UPDATE 4 (15 August 2013): The glacial pace continues. Google is up to 13 search result pages indexed, though now all of Google’s results for the old website are gone (which is good, because they were mostly dead links). Bing, alas, is now down to 6. It may drop even farther, since two of those six are links to the old site as well. The slowness of this procedure has made me stop checking daily, anyway. It will get there when it gets there.

UPDATE 5 (23 September 2013): We have had a major breakthrough! Possibly it was connected to a number of websites linking to The Unheard Beethoven as a result of the discovery of Hess 137, or it may be pure coincidence. But as of today there are 181 search result pages for Google, whereas last week there were only about 25. We hope the rest will follow in short order. Bing has only 45, but again that’s good progress.
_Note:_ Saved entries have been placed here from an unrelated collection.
lemma tendsto_zero_if_eventual_exp_integral_bound:
  fixes u a :: "real \<Rightarrow> real"
  assumes "\<And>t. 0 \<le> u t" "C > 0"
    and a: "filterlim (\<lambda>t. integral {t0..t} a) at_bot at_top"
    and bound: "\<And>\<epsilon>. \<epsilon> > 0 \<Longrightarrow> \<exists>T\<ge>t0. \<forall>t\<ge>T. u t \<le> C * (u T * exp (integral {T..t} a) + \<epsilon>)"
  shows "(u \<longlongrightarrow> 0) at_top"
proof (rule tendstoI)
  fix e :: real assume "e > 0"
  define \<epsilon> where "\<epsilon> = e / (4 * C)"
  have "\<epsilon> > 0" using \<open>e > 0\<close> \<open>C > 0\<close> unfolding \<epsilon>_def by simp
  then obtain T where T: "T \<ge> t0" "\<And>t. t \<ge> T \<Longrightarrow> u t \<le> C * (u T * exp (integral {T..t} a) + \<epsilon>)"
    using bound by blast
  define Z where "Z = ln (\<epsilon> / (u T + 1)) + integral {t0..T} a"
  have "\<forall>\<^sub>F t in at_top. integral {t0..t} a \<le> Z" using a unfolding filterlim_at_bot by blast
  with eventually_ge_at_top[of T] show "\<forall>\<^sub>F t in at_top. dist (u t) 0 < e"
  proof eventually_elim
    case (elim t)
    have "integral {t0..T} a + integral {T..t} a = integral {t0..t} a"
      by (rule Henstock_Kurzweil_Integration.integral_combine)
        (use T(1) elim(1) integrable_on_if_integral_tendsto_at_bot[OF a order_refl, of t] in auto)
    then have "integral {T..t} a \<le> ln (\<epsilon> / (u T + 1))" using elim(2) unfolding Z_def by linarith
    moreover have "\<epsilon> / (u T + 1) > 0" using \<open>\<epsilon> > 0\<close> assms(1)[of T] by simp
    ultimately have "exp (integral {T..t} a) \<le> \<epsilon> / (u T + 1)"
      by (metis exp_le_cancel_iff exp_ln)
    then have "u T * exp (integral {T..t} a) \<le> u T * (\<epsilon> / (u T + 1))"
      using assms(1)[of T] by (rule mult_left_mono)
    also have "\<dots> \<le> \<epsilon>" using assms(1)[of T] \<open>\<epsilon> > 0\<close> by (simp add: field_simps)
    finally have "u T * exp (integral {T..t} a) + \<epsilon> \<le> 2 * \<epsilon>" by simp
    then have "C * (u T * exp (integral {T..t} a) + \<epsilon>) \<le> C * (2 * \<epsilon>)"
      using \<open>C > 0\<close> by (intro mult_left_mono) auto
    then have "u t \<le> C * (2 * \<epsilon>)" using T(2)[OF elim(1)] by linarith
    also have "\<dots> < e" using \<open>e > 0\<close> \<open>C > 0\<close> unfolding \<epsilon>_def by simp
    finally show ?case using assms(1)[of t] by (simp add: dist_real_def)
  qed
qed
UPDATE 6 (27 September 2013): The glacier has clearly broken free. On September 23 there were 181 search result pages in Google; on September 25 there were 202; on September 26 there were 220. Now that over half of the search result pages are indexed, the Google search box at the top of the page is actually usable (not 100% complete, but it returns results). I think we can finally relax a bit, and it has taken about three months after eliminating the link rel=’canonical’ garbage to reach this stage. Thanks again to Roman Maeschi for the key insight that rescued this poor forsaken website from oblivion.

UPDATE 7 (30 September 2013): 281 results as of today on Google, so almost to the 75% mark. Bing is lagging with 51, but still moving in the right direction.

UPDATE 8 (15 October 2013): Google and Beethoven have reached a truce. Google is showing 480 search results, which should be just about everything on the site; if it’s not, I expect they’ll be added any day now. I am calling this case closed after approximately four months. Bing is lagging badly behind (74 results) but since we use Google for the site search engine, that’s the one that really counts so far as I’m concerned. Thanks once more to Kevin and Roman for helping us get this sorted out.